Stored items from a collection

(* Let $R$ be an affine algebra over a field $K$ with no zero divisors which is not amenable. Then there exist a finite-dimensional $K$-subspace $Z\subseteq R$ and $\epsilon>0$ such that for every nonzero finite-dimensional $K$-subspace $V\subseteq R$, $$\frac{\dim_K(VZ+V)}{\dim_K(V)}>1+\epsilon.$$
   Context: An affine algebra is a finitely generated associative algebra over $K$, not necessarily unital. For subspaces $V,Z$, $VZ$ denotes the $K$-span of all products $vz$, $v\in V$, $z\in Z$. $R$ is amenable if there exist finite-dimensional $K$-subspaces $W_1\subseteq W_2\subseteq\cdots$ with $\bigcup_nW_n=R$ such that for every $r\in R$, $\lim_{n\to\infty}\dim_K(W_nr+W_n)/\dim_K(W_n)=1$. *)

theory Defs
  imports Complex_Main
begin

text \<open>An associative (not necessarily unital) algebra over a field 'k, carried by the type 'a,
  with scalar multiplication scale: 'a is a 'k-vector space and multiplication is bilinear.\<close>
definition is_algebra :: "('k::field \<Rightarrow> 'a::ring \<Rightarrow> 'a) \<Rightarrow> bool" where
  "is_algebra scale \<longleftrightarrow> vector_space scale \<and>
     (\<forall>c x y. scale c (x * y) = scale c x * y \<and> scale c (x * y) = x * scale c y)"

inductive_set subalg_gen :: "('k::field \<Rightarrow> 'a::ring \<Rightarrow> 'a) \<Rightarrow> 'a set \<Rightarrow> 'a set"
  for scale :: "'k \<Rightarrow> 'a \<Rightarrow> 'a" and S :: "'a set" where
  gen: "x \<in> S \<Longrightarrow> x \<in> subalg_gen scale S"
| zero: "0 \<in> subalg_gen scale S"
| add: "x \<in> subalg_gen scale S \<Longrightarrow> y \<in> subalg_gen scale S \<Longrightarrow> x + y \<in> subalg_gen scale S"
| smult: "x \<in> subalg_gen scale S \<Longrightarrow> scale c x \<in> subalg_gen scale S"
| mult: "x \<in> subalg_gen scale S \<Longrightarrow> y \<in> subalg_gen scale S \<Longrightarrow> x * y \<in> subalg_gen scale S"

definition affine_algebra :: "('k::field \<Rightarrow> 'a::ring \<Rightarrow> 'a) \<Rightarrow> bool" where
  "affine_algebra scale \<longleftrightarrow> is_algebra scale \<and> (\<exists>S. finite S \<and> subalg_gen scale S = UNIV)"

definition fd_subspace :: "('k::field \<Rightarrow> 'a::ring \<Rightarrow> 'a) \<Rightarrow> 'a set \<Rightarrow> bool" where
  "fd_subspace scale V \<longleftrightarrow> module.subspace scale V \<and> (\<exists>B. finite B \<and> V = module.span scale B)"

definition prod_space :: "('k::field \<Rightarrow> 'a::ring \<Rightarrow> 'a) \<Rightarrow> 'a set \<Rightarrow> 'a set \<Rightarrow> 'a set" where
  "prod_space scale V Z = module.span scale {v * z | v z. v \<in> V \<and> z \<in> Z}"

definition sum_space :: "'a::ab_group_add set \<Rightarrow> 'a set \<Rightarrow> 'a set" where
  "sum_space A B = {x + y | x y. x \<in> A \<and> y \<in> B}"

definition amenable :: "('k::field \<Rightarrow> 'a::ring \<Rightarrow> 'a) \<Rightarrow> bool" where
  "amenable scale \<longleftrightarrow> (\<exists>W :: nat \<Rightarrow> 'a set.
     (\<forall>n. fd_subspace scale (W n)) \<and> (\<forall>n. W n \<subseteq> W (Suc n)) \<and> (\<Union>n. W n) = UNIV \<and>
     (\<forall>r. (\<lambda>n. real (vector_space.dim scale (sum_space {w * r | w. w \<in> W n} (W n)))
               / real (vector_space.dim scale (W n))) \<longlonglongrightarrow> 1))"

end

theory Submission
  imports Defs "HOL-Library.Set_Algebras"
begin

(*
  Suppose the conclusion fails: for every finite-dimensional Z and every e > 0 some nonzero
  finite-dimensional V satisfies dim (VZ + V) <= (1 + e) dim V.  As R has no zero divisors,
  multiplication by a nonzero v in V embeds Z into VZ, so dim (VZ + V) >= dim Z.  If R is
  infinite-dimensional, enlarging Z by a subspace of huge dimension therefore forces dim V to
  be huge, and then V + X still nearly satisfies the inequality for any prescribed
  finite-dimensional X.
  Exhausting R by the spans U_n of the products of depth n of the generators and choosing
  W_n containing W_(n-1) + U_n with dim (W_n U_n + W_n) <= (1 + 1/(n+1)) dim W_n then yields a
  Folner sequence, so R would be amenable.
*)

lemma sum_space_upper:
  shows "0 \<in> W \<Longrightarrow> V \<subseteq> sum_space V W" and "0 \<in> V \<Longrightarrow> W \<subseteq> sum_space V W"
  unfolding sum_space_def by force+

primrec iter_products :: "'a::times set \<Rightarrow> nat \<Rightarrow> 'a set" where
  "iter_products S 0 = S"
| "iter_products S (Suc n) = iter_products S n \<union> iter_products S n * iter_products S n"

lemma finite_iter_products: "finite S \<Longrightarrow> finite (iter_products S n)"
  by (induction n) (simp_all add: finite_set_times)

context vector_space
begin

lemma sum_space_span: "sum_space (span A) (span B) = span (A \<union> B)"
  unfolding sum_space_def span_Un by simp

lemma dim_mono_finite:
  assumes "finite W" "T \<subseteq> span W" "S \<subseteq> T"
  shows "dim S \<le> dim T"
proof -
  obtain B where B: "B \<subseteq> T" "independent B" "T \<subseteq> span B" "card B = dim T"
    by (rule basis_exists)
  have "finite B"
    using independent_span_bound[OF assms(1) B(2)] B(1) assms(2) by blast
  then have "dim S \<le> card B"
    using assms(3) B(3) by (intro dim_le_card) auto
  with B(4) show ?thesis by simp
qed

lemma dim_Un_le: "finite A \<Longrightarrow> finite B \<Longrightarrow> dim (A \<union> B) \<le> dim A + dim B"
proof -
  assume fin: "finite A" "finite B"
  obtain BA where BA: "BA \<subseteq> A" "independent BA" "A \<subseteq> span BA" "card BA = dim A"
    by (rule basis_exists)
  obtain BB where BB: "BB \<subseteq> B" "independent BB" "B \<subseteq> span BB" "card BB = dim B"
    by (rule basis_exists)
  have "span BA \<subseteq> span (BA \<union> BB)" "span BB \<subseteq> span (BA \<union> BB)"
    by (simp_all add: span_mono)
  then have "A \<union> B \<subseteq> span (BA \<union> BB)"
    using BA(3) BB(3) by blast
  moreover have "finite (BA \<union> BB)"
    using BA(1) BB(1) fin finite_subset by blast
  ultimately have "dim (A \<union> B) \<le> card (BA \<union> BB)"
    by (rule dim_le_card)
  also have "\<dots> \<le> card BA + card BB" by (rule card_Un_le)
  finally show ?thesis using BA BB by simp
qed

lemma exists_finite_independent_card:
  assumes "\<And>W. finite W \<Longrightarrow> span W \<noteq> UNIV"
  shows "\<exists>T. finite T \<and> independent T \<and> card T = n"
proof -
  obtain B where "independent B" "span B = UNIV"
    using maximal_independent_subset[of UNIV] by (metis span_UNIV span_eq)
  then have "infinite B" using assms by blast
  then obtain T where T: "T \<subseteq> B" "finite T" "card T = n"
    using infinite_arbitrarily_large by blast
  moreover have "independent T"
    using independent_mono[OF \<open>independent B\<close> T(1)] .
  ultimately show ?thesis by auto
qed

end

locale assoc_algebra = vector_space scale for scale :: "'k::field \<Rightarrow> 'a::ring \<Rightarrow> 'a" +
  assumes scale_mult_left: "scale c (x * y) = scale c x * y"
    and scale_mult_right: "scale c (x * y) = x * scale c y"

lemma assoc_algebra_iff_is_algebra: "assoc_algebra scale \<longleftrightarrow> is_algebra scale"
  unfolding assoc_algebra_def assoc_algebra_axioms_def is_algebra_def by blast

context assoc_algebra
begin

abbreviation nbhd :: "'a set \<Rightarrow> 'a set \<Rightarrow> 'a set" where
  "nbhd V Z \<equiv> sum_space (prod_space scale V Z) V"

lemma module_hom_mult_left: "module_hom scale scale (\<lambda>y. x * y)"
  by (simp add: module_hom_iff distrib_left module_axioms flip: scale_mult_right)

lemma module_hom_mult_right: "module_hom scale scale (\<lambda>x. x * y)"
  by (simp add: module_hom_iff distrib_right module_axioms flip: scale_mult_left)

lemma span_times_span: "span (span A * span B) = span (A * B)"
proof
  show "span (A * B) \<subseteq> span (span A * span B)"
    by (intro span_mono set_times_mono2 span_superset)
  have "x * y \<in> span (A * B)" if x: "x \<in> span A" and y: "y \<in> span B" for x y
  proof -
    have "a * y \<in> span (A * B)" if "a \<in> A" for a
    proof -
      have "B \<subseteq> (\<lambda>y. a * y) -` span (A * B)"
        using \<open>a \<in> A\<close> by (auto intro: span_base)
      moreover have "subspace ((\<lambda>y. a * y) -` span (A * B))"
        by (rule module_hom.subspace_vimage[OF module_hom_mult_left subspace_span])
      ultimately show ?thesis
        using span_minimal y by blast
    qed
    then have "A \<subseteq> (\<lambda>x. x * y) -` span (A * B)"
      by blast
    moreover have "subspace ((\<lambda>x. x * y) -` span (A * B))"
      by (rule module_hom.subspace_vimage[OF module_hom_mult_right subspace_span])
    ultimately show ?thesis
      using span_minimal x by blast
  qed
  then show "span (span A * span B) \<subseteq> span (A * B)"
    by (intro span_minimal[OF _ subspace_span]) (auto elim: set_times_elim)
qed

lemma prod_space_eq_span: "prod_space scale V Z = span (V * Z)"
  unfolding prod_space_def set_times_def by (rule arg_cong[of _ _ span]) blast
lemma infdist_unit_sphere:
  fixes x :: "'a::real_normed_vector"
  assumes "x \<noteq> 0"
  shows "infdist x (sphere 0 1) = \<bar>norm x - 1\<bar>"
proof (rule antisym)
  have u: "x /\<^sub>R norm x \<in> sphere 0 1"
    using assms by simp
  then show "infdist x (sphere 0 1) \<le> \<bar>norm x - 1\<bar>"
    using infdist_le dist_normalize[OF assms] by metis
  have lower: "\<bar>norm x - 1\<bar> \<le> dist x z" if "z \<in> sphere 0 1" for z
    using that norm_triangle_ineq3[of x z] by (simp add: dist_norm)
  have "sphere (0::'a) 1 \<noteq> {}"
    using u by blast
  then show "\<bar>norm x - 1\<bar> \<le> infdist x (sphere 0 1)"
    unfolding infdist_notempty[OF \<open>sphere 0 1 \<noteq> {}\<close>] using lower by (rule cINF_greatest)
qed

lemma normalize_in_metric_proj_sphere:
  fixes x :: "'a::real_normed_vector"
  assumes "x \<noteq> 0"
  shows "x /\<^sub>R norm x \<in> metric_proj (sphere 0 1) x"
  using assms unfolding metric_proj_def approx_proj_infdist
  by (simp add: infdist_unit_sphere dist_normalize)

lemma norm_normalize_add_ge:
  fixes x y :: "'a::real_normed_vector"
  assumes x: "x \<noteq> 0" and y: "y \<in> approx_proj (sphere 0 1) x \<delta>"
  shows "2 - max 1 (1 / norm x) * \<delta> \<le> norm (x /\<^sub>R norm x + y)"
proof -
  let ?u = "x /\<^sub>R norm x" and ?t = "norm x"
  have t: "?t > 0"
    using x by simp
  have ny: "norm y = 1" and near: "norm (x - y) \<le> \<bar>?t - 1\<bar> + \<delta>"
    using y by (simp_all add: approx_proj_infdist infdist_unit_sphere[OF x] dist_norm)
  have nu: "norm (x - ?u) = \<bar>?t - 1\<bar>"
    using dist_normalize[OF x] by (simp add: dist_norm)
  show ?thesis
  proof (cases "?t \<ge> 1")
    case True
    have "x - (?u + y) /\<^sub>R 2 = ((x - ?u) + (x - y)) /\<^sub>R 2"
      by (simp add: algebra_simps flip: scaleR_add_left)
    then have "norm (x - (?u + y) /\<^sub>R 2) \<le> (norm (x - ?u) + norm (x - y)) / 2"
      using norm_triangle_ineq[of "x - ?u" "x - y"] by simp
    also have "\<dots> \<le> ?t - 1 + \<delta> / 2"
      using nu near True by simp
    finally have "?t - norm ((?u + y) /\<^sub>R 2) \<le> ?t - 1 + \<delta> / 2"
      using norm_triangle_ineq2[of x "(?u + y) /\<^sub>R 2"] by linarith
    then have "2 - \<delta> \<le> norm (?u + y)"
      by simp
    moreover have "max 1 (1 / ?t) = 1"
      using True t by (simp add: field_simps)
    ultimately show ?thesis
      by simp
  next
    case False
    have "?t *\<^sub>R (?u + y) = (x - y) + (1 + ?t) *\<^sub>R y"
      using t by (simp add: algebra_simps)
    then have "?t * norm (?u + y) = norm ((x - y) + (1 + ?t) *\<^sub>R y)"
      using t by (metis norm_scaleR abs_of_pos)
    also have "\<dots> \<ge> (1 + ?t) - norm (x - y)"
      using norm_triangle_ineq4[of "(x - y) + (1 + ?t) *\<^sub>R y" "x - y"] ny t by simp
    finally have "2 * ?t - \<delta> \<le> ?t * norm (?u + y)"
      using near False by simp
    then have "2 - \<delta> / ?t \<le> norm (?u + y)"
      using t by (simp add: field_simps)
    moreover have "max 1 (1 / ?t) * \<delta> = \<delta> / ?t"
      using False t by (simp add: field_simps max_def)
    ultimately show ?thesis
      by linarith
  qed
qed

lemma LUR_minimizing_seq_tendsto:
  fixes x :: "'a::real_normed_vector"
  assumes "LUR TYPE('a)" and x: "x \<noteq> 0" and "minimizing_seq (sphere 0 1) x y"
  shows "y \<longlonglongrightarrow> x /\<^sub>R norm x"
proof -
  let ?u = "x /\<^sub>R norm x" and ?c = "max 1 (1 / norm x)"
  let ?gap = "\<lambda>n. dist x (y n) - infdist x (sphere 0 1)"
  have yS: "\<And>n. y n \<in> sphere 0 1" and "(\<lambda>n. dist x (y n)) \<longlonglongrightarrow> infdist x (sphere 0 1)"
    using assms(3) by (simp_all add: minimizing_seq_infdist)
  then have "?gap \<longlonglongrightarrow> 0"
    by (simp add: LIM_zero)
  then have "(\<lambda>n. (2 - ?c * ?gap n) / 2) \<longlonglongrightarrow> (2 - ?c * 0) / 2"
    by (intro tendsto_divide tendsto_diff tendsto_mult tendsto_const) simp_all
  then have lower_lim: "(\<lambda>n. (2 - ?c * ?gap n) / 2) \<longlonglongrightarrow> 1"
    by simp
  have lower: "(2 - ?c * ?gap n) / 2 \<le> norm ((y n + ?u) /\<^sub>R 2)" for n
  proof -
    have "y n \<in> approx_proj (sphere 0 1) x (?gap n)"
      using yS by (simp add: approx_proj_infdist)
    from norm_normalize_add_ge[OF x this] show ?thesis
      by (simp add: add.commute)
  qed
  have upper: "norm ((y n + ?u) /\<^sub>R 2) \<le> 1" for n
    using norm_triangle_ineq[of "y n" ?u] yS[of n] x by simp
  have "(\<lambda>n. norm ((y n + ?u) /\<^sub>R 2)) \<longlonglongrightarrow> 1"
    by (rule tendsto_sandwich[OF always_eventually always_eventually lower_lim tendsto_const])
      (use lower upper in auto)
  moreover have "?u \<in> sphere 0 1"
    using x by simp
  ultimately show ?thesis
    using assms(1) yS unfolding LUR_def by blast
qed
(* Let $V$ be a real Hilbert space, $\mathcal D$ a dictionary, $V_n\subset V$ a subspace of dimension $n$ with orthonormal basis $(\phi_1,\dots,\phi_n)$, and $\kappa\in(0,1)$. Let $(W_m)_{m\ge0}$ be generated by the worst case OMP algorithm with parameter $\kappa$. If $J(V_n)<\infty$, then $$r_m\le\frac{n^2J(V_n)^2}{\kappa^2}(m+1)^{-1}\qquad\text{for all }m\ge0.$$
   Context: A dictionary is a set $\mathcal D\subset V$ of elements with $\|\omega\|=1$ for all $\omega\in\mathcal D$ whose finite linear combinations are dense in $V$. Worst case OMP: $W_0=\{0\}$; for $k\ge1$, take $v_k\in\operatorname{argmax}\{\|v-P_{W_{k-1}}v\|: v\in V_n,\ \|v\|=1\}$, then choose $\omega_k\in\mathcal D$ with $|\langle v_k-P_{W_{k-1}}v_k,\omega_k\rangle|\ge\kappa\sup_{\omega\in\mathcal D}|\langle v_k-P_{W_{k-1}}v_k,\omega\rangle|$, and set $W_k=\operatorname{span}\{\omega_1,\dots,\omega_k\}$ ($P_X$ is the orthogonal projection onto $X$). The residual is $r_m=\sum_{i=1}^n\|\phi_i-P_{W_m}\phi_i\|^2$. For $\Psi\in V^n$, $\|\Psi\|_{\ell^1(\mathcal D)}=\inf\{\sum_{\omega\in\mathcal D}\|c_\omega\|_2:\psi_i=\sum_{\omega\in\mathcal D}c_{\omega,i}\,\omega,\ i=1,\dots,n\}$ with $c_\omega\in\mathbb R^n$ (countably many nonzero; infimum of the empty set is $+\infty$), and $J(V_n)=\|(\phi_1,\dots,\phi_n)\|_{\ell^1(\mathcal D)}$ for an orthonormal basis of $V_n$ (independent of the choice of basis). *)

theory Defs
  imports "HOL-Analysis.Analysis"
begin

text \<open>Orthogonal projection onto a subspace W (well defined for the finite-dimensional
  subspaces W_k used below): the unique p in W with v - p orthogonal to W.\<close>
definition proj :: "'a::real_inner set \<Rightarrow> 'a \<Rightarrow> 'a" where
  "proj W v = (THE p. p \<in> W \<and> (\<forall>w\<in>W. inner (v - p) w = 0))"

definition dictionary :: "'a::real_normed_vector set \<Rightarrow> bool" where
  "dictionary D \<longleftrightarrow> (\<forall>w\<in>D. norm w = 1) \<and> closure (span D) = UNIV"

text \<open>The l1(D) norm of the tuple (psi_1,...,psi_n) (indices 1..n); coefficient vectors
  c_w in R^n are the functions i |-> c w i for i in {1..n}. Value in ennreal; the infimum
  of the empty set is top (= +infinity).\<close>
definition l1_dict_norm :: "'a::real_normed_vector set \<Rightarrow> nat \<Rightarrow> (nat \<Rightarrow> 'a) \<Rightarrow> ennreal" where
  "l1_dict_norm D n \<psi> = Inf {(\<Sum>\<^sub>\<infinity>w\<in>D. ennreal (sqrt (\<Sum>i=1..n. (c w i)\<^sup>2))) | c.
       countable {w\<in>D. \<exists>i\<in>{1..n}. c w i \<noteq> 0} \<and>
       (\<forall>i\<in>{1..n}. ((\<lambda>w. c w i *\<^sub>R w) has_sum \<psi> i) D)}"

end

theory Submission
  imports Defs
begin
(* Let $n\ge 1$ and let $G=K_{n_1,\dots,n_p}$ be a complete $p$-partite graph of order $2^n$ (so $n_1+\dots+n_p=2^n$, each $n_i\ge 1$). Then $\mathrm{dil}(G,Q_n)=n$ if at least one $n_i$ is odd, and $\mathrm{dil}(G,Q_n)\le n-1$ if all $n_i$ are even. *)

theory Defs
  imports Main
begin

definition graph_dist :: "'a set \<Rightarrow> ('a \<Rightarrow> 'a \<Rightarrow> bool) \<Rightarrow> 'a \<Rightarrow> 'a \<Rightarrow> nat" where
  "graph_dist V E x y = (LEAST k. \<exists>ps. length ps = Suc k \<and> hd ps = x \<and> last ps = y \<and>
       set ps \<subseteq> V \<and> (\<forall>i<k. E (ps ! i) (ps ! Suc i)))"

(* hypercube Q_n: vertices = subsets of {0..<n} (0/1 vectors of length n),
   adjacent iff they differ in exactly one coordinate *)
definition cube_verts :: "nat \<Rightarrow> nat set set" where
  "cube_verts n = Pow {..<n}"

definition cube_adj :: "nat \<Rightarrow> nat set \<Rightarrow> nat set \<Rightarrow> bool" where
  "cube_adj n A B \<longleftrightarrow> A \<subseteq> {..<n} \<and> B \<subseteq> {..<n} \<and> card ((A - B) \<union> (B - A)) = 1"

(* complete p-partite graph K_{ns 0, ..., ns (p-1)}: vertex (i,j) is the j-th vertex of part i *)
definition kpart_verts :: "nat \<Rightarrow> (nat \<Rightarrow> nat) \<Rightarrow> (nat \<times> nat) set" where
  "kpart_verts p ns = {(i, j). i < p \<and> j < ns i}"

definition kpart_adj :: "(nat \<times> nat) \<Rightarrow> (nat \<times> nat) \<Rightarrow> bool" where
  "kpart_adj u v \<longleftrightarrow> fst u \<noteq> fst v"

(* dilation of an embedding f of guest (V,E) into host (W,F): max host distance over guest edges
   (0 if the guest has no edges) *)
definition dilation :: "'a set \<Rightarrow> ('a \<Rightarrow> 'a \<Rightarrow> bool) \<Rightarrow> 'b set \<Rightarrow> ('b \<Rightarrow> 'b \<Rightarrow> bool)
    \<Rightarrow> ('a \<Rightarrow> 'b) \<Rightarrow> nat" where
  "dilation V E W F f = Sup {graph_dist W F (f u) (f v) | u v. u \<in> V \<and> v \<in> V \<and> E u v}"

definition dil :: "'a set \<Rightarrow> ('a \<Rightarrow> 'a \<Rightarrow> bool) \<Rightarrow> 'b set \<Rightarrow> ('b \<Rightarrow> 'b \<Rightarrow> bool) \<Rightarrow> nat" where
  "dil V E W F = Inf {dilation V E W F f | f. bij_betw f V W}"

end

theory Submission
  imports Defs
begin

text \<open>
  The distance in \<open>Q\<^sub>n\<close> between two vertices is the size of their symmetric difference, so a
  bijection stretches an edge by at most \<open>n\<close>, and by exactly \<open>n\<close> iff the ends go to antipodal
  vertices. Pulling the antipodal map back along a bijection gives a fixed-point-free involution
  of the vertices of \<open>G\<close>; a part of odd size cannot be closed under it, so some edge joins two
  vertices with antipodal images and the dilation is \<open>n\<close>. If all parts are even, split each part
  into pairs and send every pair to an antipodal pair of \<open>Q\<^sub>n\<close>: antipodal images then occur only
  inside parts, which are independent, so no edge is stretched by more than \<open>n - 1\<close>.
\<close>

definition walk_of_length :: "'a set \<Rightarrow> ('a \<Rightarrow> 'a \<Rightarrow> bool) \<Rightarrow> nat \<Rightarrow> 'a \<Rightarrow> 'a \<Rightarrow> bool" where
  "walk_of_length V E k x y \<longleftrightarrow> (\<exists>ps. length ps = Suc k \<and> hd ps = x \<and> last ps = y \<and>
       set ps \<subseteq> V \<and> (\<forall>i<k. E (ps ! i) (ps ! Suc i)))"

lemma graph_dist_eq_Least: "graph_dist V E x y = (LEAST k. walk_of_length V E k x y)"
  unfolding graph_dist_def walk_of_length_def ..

■ What to do:
Say how many lines in the records contain the string "exactly", and say nothing else.

■ Task output:
2